lemma trig_poly_approx_folded:
  fixes h :: "real^'n::finite \<Rightarrow> complex"
  assumes h: "continuous_on UNIV h" and r: "r > 0" and e: "e > 0"
  obtains p where "p \<in> trig_poly" "\<And>x. norm (h (fold_into_cube r x) - p x) \<le> e"
proof -
  interpret function_ring_on "trig_ring r" "torus :: (complex^'n) set"
    by (rule function_ring_on_trig_ring) (use r in simp)
  obtain G where G: "continuous_on torus G" "\<And>x. G (torus_embedding r x) = h (fold_into_cube r x)"
    using fold_into_cube_through_torusE[OF h] by blast
  have ReG: "continuous_on torus (\<lambda>z. Re (G z))" and ImG: "continuous_on torus (\<lambda>z. Im (G z))"
    using G(1) by (auto intro!: continuous_intros)
  have e2: "e / 2 > 0" using e by simp
  obtain f1 where f1: "f1 \<in> trig_ring r" "\<forall>z\<in>torus. \<bar>Re (G z) - f1 z\<bar> < e / 2"
    using Stone_Weierstrass_basic[OF ReG e2] by blast
  obtain f2 where f2: "f2 \<in> trig_ring r" "\<forall>z\<in>torus. \<bar>Im (G z) - f2 z\<bar> < e / 2"
    using Stone_Weierstrass_basic[OF ImG e2] by blast
  obtain p1 where p1: "p1 \<in> trig_poly" "\<forall>x. complex_of_real (f1 (torus_embedding r x)) = p1 x"
    using f1(1) by (auto simp: trig_ring_def)
  obtain p2 where p2: "p2 \<in> trig_poly" "\<forall>x. complex_of_real (f2 (torus_embedding r x)) = p2 x"
    using f2(1) by (auto simp: trig_ring_def)
  show ?thesis
  proof (rule that)
    show "(\<lambda>x. 1 * p1 x + \<i> * p2 x) \<in> trig_poly"
      using p1(1) p2(1) by (intro trig_poly.intros)
    fix x :: "real^'n"
    let ?z = "torus_embedding r x"
    have "h (fold_into_cube r x) - (1 * p1 x + \<i> * p2 x)
        = complex_of_real (Re (G ?z) - f1 ?z) + \<i> * complex_of_real (Im (G ?z) - f2 ?z)"
      using G(2)[of x] p1(2) p2(2) by (simp add: complex_eq_iff)
    also have "norm \<dots> \<le> \<bar>Re (G ?z) - f1 ?z\<bar> + \<bar>Im (G ?z) - f2 ?z\<bar>"
      by (rule order_trans[OF norm_triangle_ineq]) (simp add: norm_mult of_real_diff[symmetric] del: of_real_diff)
    also have "\<dots> \<le> e" using f1(2) f2(2) torus_embedding_in_torus[of r x] by fastforce
    finally show "norm (h (fold_into_cube r x) - (1 * p1 x + \<i> * p2 x)) \<le> e" .
  qed
qed

section \<open>A finite complex measure is determined by its Fourier transform\<close>

lemma tail_integral_small:
  fixes g :: "real^'n::finite \<Rightarrow> complex"
  assumes g: "integrable \<nu> g" and "sets \<nu> = sets borel" and e: "e > 0"
  obtains N :: nat where "\<And>n. n \<ge> N \<Longrightarrow> (\<integral>x. indicator (- cube (real n)) x * norm (g x) \<partial>\<nu>) < e"
proof -
  have cube_sets: "- cube r \<in> sets \<nu>" for r
    using assms(2) by simp
  have "(\<lambda>n. \<integral>x. indicator (- cube (real n)) x * norm (g x) \<partial>\<nu>) \<longlonglongrightarrow> (\<integral>x. 0 \<partial>\<nu>)"
  proof (rule integral_dominated_convergence[where w="\<lambda>x. norm (g x)"])
    show "(\<lambda>x. indicator (- cube (real n)) x * norm (g x)) \<in> borel_measurable \<nu>" for n
      using cube_sets g by measurable
    show "AE x in \<nu>. (\<lambda>n. indicator (- cube (real n)) x * norm (g x)) \<longlonglongrightarrow> 0"
    proof (intro AE_I2 tendsto_eventually eventually_sequentiallyI)
      fix x :: "real^'n" and n assume "nat \<lceil>norm x\<rceil> \<le> n"
      then have "norm x \<le> real n" by linarith
      then have "x \<in> cube (real n)"
        using component_le_norm_cart[of x] unfolding cube_def by (auto intro: order_trans)
      then show "indicator (- cube (real n)) x * norm (g x) = 0" by simp
    qed
  qed (use g in \<open>auto simp: indicator_def\<close>)
  then have "(\<lambda>n. \<integral>x. indicator (- cube (real n)) x * norm (g x) \<partial>\<nu>) \<longlonglongrightarrow> 0" by simp
  from order_tendstoD(2)[OF this e] show ?thesis
    using that by (auto simp: eventually_sequentially)
qed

> [YOUR INSTRUCTIONS]: Take every line above carrying "where" and return it.

> [TASK RESULT]:
  obtains p where "p \<in> trig_poly" "\<And>x. norm (h (fold_into_cube r x) - p x) \<le> e"
  obtain G where G: "continuous_on torus G" "\<And>x. G (torus_embedding r x) = h (fold_into_cube r x)"
  obtain f1 where f1: "f1 \<in> trig_ring r" "\<forall>z\<in>torus. \<bar>Re (G z) - f1 z\<bar> < e / 2"
  obtain f2 where f2: "f2 \<in> trig_ring r" "\<forall>z\<in>torus. \<bar>Im (G z) - f2 z\<bar> < e / 2"
  obtain p1 where p1: "p1 \<in> trig_poly" "\<forall>x. complex_of_real (f1 (torus_embedding r x)) = p1 x"
  obtain p2 where p2: "p2 \<in> trig_poly" "\<forall>x. complex_of_real (f2 (torus_embedding r x)) = p2 x"
  obtains N :: nat where "\<And>n. n \<ge> N \<Longrightarrow> (\<integral>x. indicator (- cube (real n)) x * norm (g x) \<partial>\<nu>) < e"
  proof (rule integral_dominated_convergence[where w="\<lambda>x. norm (g x)"])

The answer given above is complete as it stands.